[Task goal]:
From the first line to the last, return the data exactly as written.

[Data shown]:
[Start of section]

lemma range_sign_vector_moment_curve:
  fixes t :: "nat \<Rightarrow> real"
  assumes t: "strict_mono_on {..<n} t"
  shows "range (sign_vector n (\<lambda>i. moment_vec (t i) :: real ^ 'd::{finite,linorder})) =
    {l \<in> Lambda n. m_val l \<le> CARD('d) - 1} \<union> {replicate n SZero}"
    (is "range ?sv = ?L \<union> _")
proof (intro set_eqI iffI)
  fix l assume "l \<in> range ?sv"
  then obtain a where "l = ?sv a"
    by blast
  then have l: "l = map (\<lambda>i. sign_of (poly (moment_poly a) (t i))) [0..<n]"
    by (simp add: sign_vector_def poly_moment_poly)
  show "l \<in> ?L \<union> {replicate n SZero}"
  proof (cases "moment_poly a = 0")
    case True
    then show ?thesis
      by (simp add: l map_replicate_const)
  next
    case False
    then have "m_val l \<le> degree (moment_poly a)"
      unfolding l using t by (rule m_val_sign_pattern_le_degree[rotated])
    then have "m_val l \<le> CARD('d) - 1"
      using degree_moment_poly[of a] by linarith
    then show ?thesis
      by (simp add: l Lambda_def)
  qed
next
  fix l assume "l \<in> ?L \<union> {replicate n SZero}"
  then consider "l = replicate n SZero" | "l \<in> ?L"
    by blast
  then show "l \<in> range ?sv"
  proof cases
    case 1
    then have "l = ?sv 0"
      by (simp add: sign_vector_def map_replicate_const sign_of_def)
    then show ?thesis by blast
  next
    case 2
    then have len: "length l = n" and "m_val l \<le> CARD('d) - 1"
      by (simp_all add: Lambda_def)
    moreover have "0 < CARD('d)"
      by (rule zero_less_card_finite)
    ultimately have "m_val l < CARD('d)"
      by linarith
    obtain p where "degree p \<le> m_val l" and p: "map (\<lambda>i. sign_of (poly p (t i))) [0..<length l] = l"
      using sign_pattern_realizable[of l t] t len by blast
    then have "degree p < CARD('d)"
      using \<open>m_val l < CARD('d)\<close> by simp
    then have "?sv (coeff_vec p) = l"
      using p len by (simp add: sign_vector_def inner_coeff_vec_moment_vec)
    then show ?thesis by (metis rangeI)
  qed
qed

corollary proper_sign_vectors_moment_curve:
  fixes t :: "nat \<Rightarrow> real"
  assumes "strict_mono_on {..<n} t" and "CARD('d) \<le> n"
  shows "range (sign_vector n (\<lambda>i. moment_vec (t i) :: real ^ 'd::{finite,linorder})) - {replicate n SZero} =
    {l \<in> Lambda n. m_val l \<le> CARD('d) - 1}"
proof -
  have "0 < CARD('d)"
    by (rule zero_less_card_finite)
  then have "\<not> n \<le> CARD('d) - 1"
    using assms(2) by linarith
  then have "replicate n SZero \<notin> {l \<in> Lambda n. m_val l \<le> CARD('d) - 1}"
    by (simp add: m_val_replicate_SZero)
  then show ?thesis
    using range_sign_vector_moment_curve[OF assms(1), where 'd='d] by blast
qed

lemma cyclic_zonotope_eq_zonotope:
  "cyclic_zonotope n s = zonotope n (\<lambda>i. moment_vec (s (Suc i)))"
proof -
  have shift: "(\<Sum>i=1..n. c i *\<^sub>R moment_vec (s i)) = (\<Sum>i<n. c (Suc i) *\<^sub>R moment_vec (s (Suc i)))"
    for c :: "nat \<Rightarrow> real"
    by (rule sum_bounds_lt_plus1[symmetric])
  show ?thesis
    unfolding cyclic_zonotope_def zonotope_def shift
  proof (intro set_eqI iffI)
    fix x
    assume "x \<in> {x. \<exists>c. (\<forall>i\<in>{1..n}. 0 \<le> c i \<and> c i \<le> 1) \<and> x = (\<Sum>i<n. c (Suc i) *\<^sub>R moment_vec (s (Suc i)))}"
    then show "x \<in> {\<Sum>i<n. c i *\<^sub>R moment_vec (s (Suc i)) |c. \<forall>i<n. 0 \<le> c i \<and> c i \<le> 1}"
      by force
  next
    fix x
    assume "x \<in> {\<Sum>i<n. c i *\<^sub>R moment_vec (s (Suc i)) |c. \<forall>i<n. 0 \<le> c i \<and> c i \<le> 1}"
    then obtain c where "x = (\<Sum>i<n. c i *\<^sub>R moment_vec (s (Suc i)))" "\<forall>i<n. 0 \<le> c i \<and> c i \<le> 1"
      by blast
    then show "x \<in> {x. \<exists>c. (\<forall>i\<in>{1..n}. 0 \<le> c i \<and> c i \<le> 1) \<and> x = (\<Sum>i<n. c (Suc i) *\<^sub>R moment_vec (s (Suc i)))}"
      by (intro CollectI exI[of _ "\<lambda>i. c (i - 1)"]) auto
  qed
qed

theorem proposition3p2:
  fixes n :: nat and s :: "nat \<Rightarrow> real"
  assumes "\<And>i j. 1 \<le> i \<Longrightarrow> i < j \<Longrightarrow> j \<le> n \<Longrightarrow> s i < s j"
    and "CARD('d) \<le> n"
  shows "\<exists>f. bij_betw f (proper_faces (cyclic_zonotope n s :: (real ^ ('d::{finite,linorder})) set))
                {l \<in> Lambda n. m_val l \<le> CARD('d) - 1} \<and>
             (\<forall>F\<in>proper_faces (cyclic_zonotope n s :: (real ^ ('d::{finite,linorder})) set).
                \<forall>G\<in>proper_faces (cyclic_zonotope n s :: (real ^ ('d::{finite,linorder})) set).
                  F \<subseteq> G \<longleftrightarrow> lam_le (f F) (f G))"
proof -
  have "strict_mono_on {..<n} (\<lambda>i. s (Suc i))"
    by (intro strict_mono_onI assms(1)) auto
  then have "range (sign_vector n (\<lambda>i. moment_vec (s (Suc i)) :: real ^ 'd::{finite,linorder})) - {replicate n SZero} =
      {l \<in> Lambda n. m_val l \<le> CARD('d) - 1}"
    using assms(2) by (rule proper_sign_vectors_moment_curve)
  then show ?thesis
    using zonotope_face_poset[of n "\<lambda>i. moment_vec (s (Suc i)) :: real ^ 'd::{finite,linorder}"]
    by (simp add: cyclic_zonotope_eq_zonotope)
qed

end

[End of section]

[Solution for this task]:
lemma range_sign_vector_moment_curve:
  fixes t :: "nat \<Rightarrow> real"
  assumes t: "strict_mono_on {..<n} t"
  shows "range (sign_vector n (\<lambda>i. moment_vec (t i) :: real ^ 'd::{finite,linorder})) =
    {l \<in> Lambda n. m_val l \<le> CARD('d) - 1} \<union> {replicate n SZero}"
    (is "range ?sv = ?L \<union> _")
proof (intro set_eqI iffI)
  fix l assume "l \<in> range ?sv"
  then obtain a where "l = ?sv a"
    by blast
  then have l: "l = map (\<lambda>i. sign_of (poly (moment_poly a) (t i))) [0..<n]"
    by (simp add: sign_vector_def poly_moment_poly)
  show "l \<in> ?L \<union> {replicate n SZero}"
  proof (cases "moment_poly a = 0")
    case True
    then show ?thesis
      by (simp add: l map_replicate_const)
  next
    case False
    then have "m_val l \<le> degree (moment_poly a)"
      unfolding l using t by (rule m_val_sign_pattern_le_degree[rotated])
    then have "m_val l \<le> CARD('d) - 1"
      using degree_moment_poly[of a] by linarith
    then show ?thesis
      by (simp add: l Lambda_def)
  qed
next
  fix l assume "l \<in> ?L \<union> {replicate n SZero}"
  then consider "l = replicate n SZero" | "l \<in> ?L"
    by blast
  then show "l \<in> range ?sv"
  proof cases
    case 1
    then have "l = ?sv 0"
      by (simp add: sign_vector_def map_replicate_const sign_of_def)
    then show ?thesis by blast
  next
    case 2
    then have len: "length l = n" and "m_val l \<le> CARD('d) - 1"
      by (simp_all add: Lambda_def)
    moreover have "0 < CARD('d)"
      by (rule zero_less_card_finite)
    ultimately have "m_val l < CARD('d)"
      by linarith
    obtain p where "degree p \<le> m_val l" and p: "map (\<lambda>i. sign_of (poly p (t i))) [0..<length l] = l"
      using sign_pattern_realizable[of l t] t len by blast
    then have "degree p < CARD('d)"
      using \<open>m_val l < CARD('d)\<close> by simp
    then have "?sv (coeff_vec p) = l"
      using p len by (simp add: sign_vector_def inner_coeff_vec_moment_vec)
    then show ?thesis by (metis rangeI)
  qed
qed

corollary proper_sign_vectors_moment_curve:
  fixes t :: "nat \<Rightarrow> real"
  assumes "strict_mono_on {..<n} t" and "CARD('d) \<le> n"
  shows "range (sign_vector n (\<lambda>i. moment_vec (t i) :: real ^ 'd::{finite,linorder})) - {replicate n SZero} =
    {l \<in> Lambda n. m_val l \<le> CARD('d) - 1}"
proof -
  have "0 < CARD('d)"
    by (rule zero_less_card_finite)
  then have "\<not> n \<le> CARD('d) - 1"
    using assms(2) by linarith
  then have "replicate n SZero \<notin> {l \<in> Lambda n. m_val l \<le> CARD('d) - 1}"
    by (simp add: m_val_replicate_SZero)
  then show ?thesis
    using range_sign_vector_moment_curve[OF assms(1), where 'd='d] by blast
qed

lemma cyclic_zonotope_eq_zonotope:
  "cyclic_zonotope n s = zonotope n (\<lambda>i. moment_vec (s (Suc i)))"
proof -
  have shift: "(\<Sum>i=1..n. c i *\<^sub>R moment_vec (s i)) = (\<Sum>i<n. c (Suc i) *\<^sub>R moment_vec (s (Suc i)))"
    for c :: "nat \<Rightarrow> real"
    by (rule sum_bounds_lt_plus1[symmetric])
  show ?thesis
    unfolding cyclic_zonotope_def zonotope_def shift
  proof (intro set_eqI iffI)
    fix x
    assume "x \<in> {x. \<exists>c. (\<forall>i\<in>{1..n}. 0 \<le> c i \<and> c i \<le> 1) \<and> x = (\<Sum>i<n. c (Suc i) *\<^sub>R moment_vec (s (Suc i)))}"
    then show "x \<in> {\<Sum>i<n. c i *\<^sub>R moment_vec (s (Suc i)) |c. \<forall>i<n. 0 \<le> c i \<and> c i \<le> 1}"
      by force
  next
    fix x
    assume "x \<in> {\<Sum>i<n. c i *\<^sub>R moment_vec (s (Suc i)) |c. \<forall>i<n. 0 \<le> c i \<and> c i \<le> 1}"
    then obtain c where "x = (\<Sum>i<n. c i *\<^sub>R moment_vec (s (Suc i)))" "\<forall>i<n. 0 \<le> c i \<and> c i \<le> 1"
      by blast
    then show "x \<in> {x. \<exists>c. (\<forall>i\<in>{1..n}. 0 \<le> c i \<and> c i \<le> 1) \<and> x = (\<Sum>i<n. c (Suc i) *\<^sub>R moment_vec (s (Suc i)))}"
      by (intro CollectI exI[of _ "\<lambda>i. c (i - 1)"]) auto
  qed
qed

theorem proposition3p2:
  fixes n :: nat and s :: "nat \<Rightarrow> real"
  assumes "\<And>i j. 1 \<le> i \<Longrightarrow> i < j \<Longrightarrow> j \<le> n \<Longrightarrow> s i < s j"
    and "CARD('d) \<le> n"
  shows "\<exists>f. bij_betw f (proper_faces (cyclic_zonotope n s :: (real ^ ('d::{finite,linorder})) set))
                {l \<in> Lambda n. m_val l \<le> CARD('d) - 1} \<and>
             (\<forall>F\<in>proper_faces (cyclic_zonotope n s :: (real ^ ('d::{finite,linorder})) set).
                \<forall>G\<in>proper_faces (cyclic_zonotope n s :: (real ^ ('d::{finite,linorder})) set).
                  F \<subseteq> G \<longleftrightarrow> lam_le (f F) (f G))"
proof -
  have "strict_mono_on {..<n} (\<lambda>i. s (Suc i))"
    by (intro strict_mono_onI assms(1)) auto
  then have "range (sign_vector n (\<lambda>i. moment_vec (s (Suc i)) :: real ^ 'd::{finite,linorder})) - {replicate n SZero} =
      {l \<in> Lambda n. m_val l \<le> CARD('d) - 1}"
    using assms(2) by (rule proper_sign_vectors_moment_curve)
  then show ?thesis
    using zonotope_face_poset[of n "\<lambda>i. moment_vec (s (Suc i)) :: real ^ 'd::{finite,linorder}"]
    by (simp add: cyclic_zonotope_eq_zonotope)
qed

end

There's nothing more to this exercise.